> _What to work on_:
Gather every line below where "Rightarrow" appears.

------ Data extract ------

(* Let $\mathcal{I}\in\mathrm{Ins}(\Omega,\mathcal{H},\mathcal{K})$ be an instrument and $\mathsf{B}\in\mathcal{O}(\Lambda,\mathcal{H})$ a POVM. Then for any measure-and-prepare instrument $\mathcal{J}^{\mathsf{B}}$ that measures $\mathsf{B}$, $\mathcal{I}$ is compatible with $\mathsf{B}$ if and only if $\mathcal{I}$ is compatible with $\mathcal{J}^{\mathsf{B}}$.
   Context: All Hilbert spaces are finite-dimensional and complex, and all outcome sets are finite. A POVM $\mathsf{B}\in\mathcal{O}(\Lambda,\mathcal{H})$ is a map $y\mapsto\mathsf{B}(y)$ to positive operators with $\sum_y\mathsf{B}(y)=I$. An instrument $\mathcal{I}\in\mathrm{Ins}(\Omega,\mathcal{H},\mathcal{K})$ is a family $(\mathcal{I}_x)_{x\in\Omega}$ of completely positive trace-nonincreasing linear maps $\mathcal{L}(\mathcal{H})\to\mathcal{L}(\mathcal{K})$ whose sum is trace preserving; its induced POVM $\mathsf{A}^{\mathcal{I}}$ is given by $\mathrm{tr}[\mathsf{A}^{\mathcal{I}}(x)\varrho]=\mathrm{tr}[\mathcal{I}_x(\varrho)]$. A measure-and-prepare instrument measuring $\mathsf{B}$ is an instrument $\mathcal{J}^{\mathsf{B}}\in\mathrm{Ins}(\Lambda,\mathcal{H},\mathcal{V})$ (for some Hilbert space $\mathcal{V}$) of the form $\mathcal{J}^{\mathsf{B}}_y(\varrho)=\mathrm{tr}[\mathsf{B}(y)\varrho]\xi_y$ for some states $\{\xi_y\}_{y\in\Lambda}$ on $\mathcal{V}$. Two instruments $\mathcal{I}\in\mathrm{Ins}(\Omega,\mathcal{H},\mathcal{K})$, $\mathcal{J}\in\mathrm{Ins}(\Lambda,\mathcal{H},\mathcal{V})$ are compatible if there is $\mathcal{G}\in\mathrm{Ins}(\Omega\times\Lambda,\mathcal{H},\mathcal{K}\otimes\mathcal{V})$ with $\sum_{x}\mathrm{tr}_{\mathcal{K}}[\mathcal{G}_{(x,y)}(\varrho)]=\mathcal{J}_y(\varrho)$ for all $y$ and $\sum_y\mathrm{tr}_{\mathcal{V}}[\mathcal{G}_{(x,y)}(\varrho)]=\mathcal{I}_x(\varrho)$ for all $x$, for all states $\varrho$. An instrument $\mathcal{I}\in\mathrm{Ins}(\Omega,\mathcal{H},\mathcal{K})$ and a POVM $\mathsf{B}\in\mathcal{O}(\Lambda,\mathcal{H})$ are compatible if there is $\mathcal{R}\in\mathrm{Ins}(\Omega\times\Lambda,\mathcal{H},\mathcal{K})$ with $\sum_y\mathcal{R}_{(x,y)}=\mathcal{I}_x$ for all $x$ and $\sum_x\mathsf{A}^{\mathcal{R}}(x,y)=\mathsf{B}(y)$ for all $y$. *)

theory Defs
  imports "HOL-Analysis.Analysis"
begin

text \<open>Operators on a finite-dimensional Hilbert space C^'n are matrices complex^'n^'n
  (dimension = CARD('n)). The tensor product K (x) V is modelled by the index type 'k \<times> 'v.\<close>

type_synonym 'n op = "complex^'n^'n"

definition mtrace :: "'n::finite op \<Rightarrow> complex" where
  "mtrace A = (\<Sum>i\<in>UNIV. A$i$i)"

definition cscale :: "complex \<Rightarrow> 'n::finite op \<Rightarrow> 'n op" where
  "cscale c A = (\<chi> i j. c * A$i$j)"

------

> _Written solution_:
definition mtrace :: "'n::finite op \<Rightarrow> complex" where
definition cscale :: "complex \<Rightarrow> 'n::finite op \<Rightarrow> 'n op" where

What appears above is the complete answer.